Start of Block

lemma objective_tendsto:
  assumes h: "(h \<longlongrightarrow> 0) F" "\<forall>\<^sub>F x in F. h x > 0"
    and th: "(th \<longlongrightarrow> l) F" "\<forall>\<^sub>F x in F. th x \<in> Dth" and l: "l \<in> Dth"
  shows "((\<lambda>x. U_approx PY t Nobs (h x) (th x) zs) \<longlongrightarrow> U_exact PX t Nobs l zs) F"
  unfolding U_approx_def U_exact_def
proof (rule tendsto_qml_U)
  fix k assume "k \<in> {1..<Nobs}"
  then obtain k' where k: "k = Suc k'" and k': "k' + 1 < Nobs" by (cases k) auto
  note moments = moments_tendsto[OF k' h th l, of "zs k'"]
  show "((\<lambda>x. mean_of (PY (h x) (th x) (k - 1) (zs (k - 1)) (t k))) \<longlongrightarrow> mean_of (PX l (k - 1) (zs (k - 1)) (t k))) F"
    using moments(1) unfolding k by simp
  show "((\<lambda>x. cov_of (PY (h x) (th x) (k - 1) (zs (k - 1)) (t k))) \<longlongrightarrow> cov_of (PX l (k - 1) (zs (k - 1)) (t k))) F"
    using tendsto_cov_of[OF moments] unfolding k by simp
  show "posdef (cov_of (PX l (k - 1) (zs (k - 1)) (t k)))"
    using PX_posdef[OF l k'] unfolding k by simp
qed

lemma minimiser_tendsto:
  assumes Dth: "compact Dth" and x0: "x0 \<in> Dth"
    and unique: "\<And>th. th \<in> Dth \<Longrightarrow> th \<noteq> x0 \<Longrightarrow> U_exact PX t Nobs x0 zs < U_exact PX t Nobs th zs"
    and xh: "\<And>h. h > 0 \<Longrightarrow> xh h \<in> Dth \<and> (\<forall>th\<in>Dth. U_approx PY t Nobs h (xh h) zs \<le> U_approx PY t Nobs h th zs)"
  shows "(xh \<longlongrightarrow> x0) (at_right 0)"
proof (rule tendsto_at_right_sequentially[where b = 1])
  fix S :: "nat \<Rightarrow> real"
  assume S_pos: "\<And>n. 0 < S n" and "\<And>n. S n < 1" and "decseq S" and S_lim: "S \<longlonglongrightarrow> 0"
  show "(\<lambda>n. xh (S n)) \<longlonglongrightarrow> x0"
  proof (rule argmin_consistency[where U = "\<lambda>th. U_exact PX t Nobs th zs"
        and V = "\<lambda>n th. U_approx PY t Nobs (S n) th zs", OF Dth x0 unique])
    show "(\<lambda>n. U_approx PY t Nobs (S n) x0 zs) \<longlonglongrightarrow> U_exact PX t Nobs x0 zs"
      using x0 S_pos by (intro objective_tendsto S_lim) auto
    fix r :: "nat \<Rightarrow> nat" and l assume "strict_mono r" "l \<in> Dth" "((\<lambda>n. xh (S n)) \<circ> r) \<longlonglongrightarrow> l"
    then show "(\<lambda>n. U_approx PY t Nobs (S (r n)) (xh (S (r n))) zs) \<longlonglongrightarrow> U_exact PX t Nobs l zs"
      using LIMSEQ_subseq_LIMSEQ[OF S_lim] S_pos xh by (intro objective_tendsto) (auto simp: comp_def)
  qed (use x0 xh S_pos in auto)
qed simp

end

theorem theorem1:
  fixes P :: "'w measure"
    and Nobs :: nat
    and t :: "nat \<Rightarrow> real"
    and Dth :: "(real^'p) set"
    and theta0 :: "real^'p"
    and beta :: nat
    and z :: "nat \<Rightarrow> 'w \<Rightarrow> real^'d"
    and PX :: "real^'p \<Rightarrow> nat \<Rightarrow> real^'d \<Rightarrow> real \<Rightarrow> (real^'d) measure"
    and PY :: "real \<Rightarrow> real^'p \<Rightarrow> nat \<Rightarrow> real^'d \<Rightarrow> real \<Rightarrow> (real^'d) measure"
    and thetahat :: "'w \<Rightarrow> real^'p"
    and thetahat_h :: "real \<Rightarrow> 'w \<Rightarrow> real^'p"
  assumes P: "prob_space P"
    and t_incr: "\<And>k. t k < t (Suc k)"
    and Dth: "compact Dth" "theta0 \<in> Dth"
    and beta: "beta \<ge> 1"
    and z_meas: "\<And>k. k < Nobs \<Longrightarrow> z k \<in> borel_measurable P"
    \<comment> \<open>transition laws of the exact solution x\<close>
    and PX_prob: "\<And>th k s u. th \<in> Dth \<Longrightarrow> prob_space (PX th k s u) \<and> sets (PX th k s u) = sets borel"
    and PX_start: "\<And>th k s. th \<in> Dth \<Longrightarrow> PX th k s (t k) = return borel s"
    and PX_moments: "\<And>th k s u q. th \<in> Dth \<Longrightarrow> integrable (PX th k s u) (\<lambda>x. norm x ^ q)"
    and PX_cont: "\<And>k s. k + 1 < Nobs \<Longrightarrow>
        continuous_on Dth (\<lambda>th. mean_of (PX th k s (t (Suc k)))) \<and>
        continuous_on Dth (\<lambda>th. smom_of (PX th k s (t (Suc k))))"
    and PX_posdef: "\<And>th k s. th \<in> Dth \<Longrightarrow> k + 1 < Nobs \<Longrightarrow> posdef (cov_of (PX th k s (t (Suc k))))"
    \<comment> \<open>laws of the order-beta approximation y, restarted at the observations\<close>
    and PY_prob: "\<And>h th k s u. h > 0 \<Longrightarrow> th \<in> Dth \<Longrightarrow>
        prob_space (PY h th k s u) \<and> sets (PY h th k s u) = sets borel"
    and PY_restart: "\<And>h th k s. h > 0 \<Longrightarrow> th \<in> Dth \<Longrightarrow> PY h th k s (t k) = return borel s"
    and PY_moments: "\<And>q s. q \<ge> 1 \<Longrightarrow> \<exists>L>0. \<forall>h>0. \<forall>th\<in>Dth. \<forall>k. k + 1 < Nobs \<longrightarrow>
        (\<forall>u\<in>{t k..t (Suc k)}. integrable (PY h th k s u) (\<lambda>x. norm x ^ (2 * q)) \<and>
            (\<integral>x. norm x ^ (2 * q) \<partial>(PY h th k s u)) \<le> L)"
    and weak_order: "\<And>g s. CP (2 * (beta + 1)) g \<Longrightarrow> \<exists>L>0. \<forall>k. k + 1 < Nobs \<longrightarrow>
        (\<forall>th\<in>Dth. \<forall>h>0. \<forall>u\<in>{t k..t (Suc k)}.
           \<bar>(\<integral>x. g x \<partial>(PX th k s u)) - (\<integral>x. g x \<partial>(PY h th k s u))\<bar> \<le> L * h ^ beta)"
    and PY_smom: "\<And>h k s. h > 0 \<Longrightarrow> k + 1 < Nobs \<Longrightarrow>
        (\<forall>th\<in>Dth. posdef (smom_of (PY h th k s (t (Suc k))))) \<and>
        continuous_on Dth (\<lambda>th. smom_of (PY h th k s (t (Suc k))))"
    \<comment> \<open>the exact QML estimator: the (unique) minimiser of U_M over Dth\<close>
    and thetahat: "\<And>w. w \<in> space P \<Longrightarrow> thetahat w \<in> Dth \<and>
        (\<forall>th\<in>Dth. U_exact PX t Nobs (thetahat w) (\<lambda>k. z k w) \<le> U_exact PX t Nobs th (\<lambda>k. z k w)) \<and>
        (\<forall>th\<in>Dth. U_exact PX t Nobs th (\<lambda>k. z k w) = U_exact PX t Nobs (thetahat w) (\<lambda>k. z k w)
                   \<longrightarrow> th = thetahat w)"
    and thetahat_meas: "thetahat \<in> borel_measurable P"
    \<comment> \<open>the order-beta QML estimator: a minimiser of U_{M,h} over Dth\<close>
    and thetahat_h: "\<And>h w. h > 0 \<Longrightarrow> w \<in> space P \<Longrightarrow> thetahat_h h w \<in> Dth \<and>
        (\<forall>th\<in>Dth. U_approx PY t Nobs h (thetahat_h h w) (\<lambda>k. z k w) \<le> U_approx PY t Nobs h th (\<lambda>k. z k w))"
    and thetahat_h_meas: "\<And>h. h > 0 \<Longrightarrow> thetahat_h h \<in> borel_measurable P"
  shows "(\<forall>w\<in>space P. ((\<lambda>h. norm (thetahat_h h w - thetahat w)) \<longlongrightarrow> 0) (at_right 0)) \<and>
         ((\<lambda>h. \<integral>w. norm (thetahat_h h w - thetahat w) \<partial>P) \<longlongrightarrow> 0) (at_right 0)"
proof -
  interpret order_beta_approximation Nobs t Dth beta PX PY
    by unfold_locales (fact t_incr beta PX_prob PX_moments PX_cont PX_posdef PY_prob PY_moments weak_order)+
  have consistent: "((\<lambda>h. thetahat_h h w) \<longlongrightarrow> thetahat w) (at_right 0)" if w: "w \<in> space P" for w
  proof (rule minimiser_tendsto[OF Dth(1)])
    show "\<And>th. th \<in> Dth \<Longrightarrow> th \<noteq> thetahat w \<Longrightarrow>
        U_exact PX t Nobs (thetahat w) (\<lambda>k. z k w) < U_exact PX t Nobs th (\<lambda>k. z k w)"
      using thetahat[OF w] by force
  qed (use thetahat[OF w] thetahat_h[OF _ w] in auto)
  have "\<forall>w\<in>space P. ((\<lambda>h. norm (thetahat_h h w - thetahat w)) \<longlongrightarrow> 0) (at_right 0)"
    using consistent by (simp add: tendsto_norm_zero LIM_zero)
  moreover have "((\<lambda>h. \<integral>w. norm (thetahat_h h w - thetahat w) \<partial>P) \<longlongrightarrow> 0) (at_right 0)"
    using P thetahat thetahat_h thetahat_meas thetahat_h_meas consistent compact_imp_bounded[OF Dth(1)]
    by (intro tendsto_integral_norm_diff_at_right[where K = Dth]) (auto simp: prob_space.finite_measure)
  ultimately show ?thesis ..
qed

End of Block

→ ABOUT THIS EXERCISE:
Among the entries above, find the line with "unfolding U_approx_def U_exact_def" and the line with "Dth x0 unique])"; give again exactly these two lines and all lines between them.

→ RESPONSE BOX:
  unfolding U_approx_def U_exact_def
proof (rule tendsto_qml_U)
  fix k assume "k \<in> {1..<Nobs}"
  then obtain k' where k: "k = Suc k'" and k': "k' + 1 < Nobs" by (cases k) auto
  note moments = moments_tendsto[OF k' h th l, of "zs k'"]
  show "((\<lambda>x. mean_of (PY (h x) (th x) (k - 1) (zs (k - 1)) (t k))) \<longlongrightarrow> mean_of (PX l (k - 1) (zs (k - 1)) (t k))) F"
    using moments(1) unfolding k by simp
  show "((\<lambda>x. cov_of (PY (h x) (th x) (k - 1) (zs (k - 1)) (t k))) \<longlongrightarrow> cov_of (PX l (k - 1) (zs (k - 1)) (t k))) F"
    using tendsto_cov_of[OF moments] unfolding k by simp
  show "posdef (cov_of (PX l (k - 1) (zs (k - 1)) (t k)))"
    using PX_posdef[OF l k'] unfolding k by simp
qed

lemma minimiser_tendsto:
  assumes Dth: "compact Dth" and x0: "x0 \<in> Dth"
    and unique: "\<And>th. th \<in> Dth \<Longrightarrow> th \<noteq> x0 \<Longrightarrow> U_exact PX t Nobs x0 zs < U_exact PX t Nobs th zs"
    and xh: "\<And>h. h > 0 \<Longrightarrow> xh h \<in> Dth \<and> (\<forall>th\<in>Dth. U_approx PY t Nobs h (xh h) zs \<le> U_approx PY t Nobs h th zs)"
  shows "(xh \<longlongrightarrow> x0) (at_right 0)"
proof (rule tendsto_at_right_sequentially[where b = 1])
  fix S :: "nat \<Rightarrow> real"
  assume S_pos: "\<And>n. 0 < S n" and "\<And>n. S n < 1" and "decseq S" and S_lim: "S \<longlonglongrightarrow> 0"
  show "(\<lambda>n. xh (S n)) \<longlonglongrightarrow> x0"
  proof (rule argmin_consistency[where U = "\<lambda>th. U_exact PX t Nobs th zs"
        and V = "\<lambda>n th. U_approx PY t Nobs (S n) th zs", OF Dth x0 unique])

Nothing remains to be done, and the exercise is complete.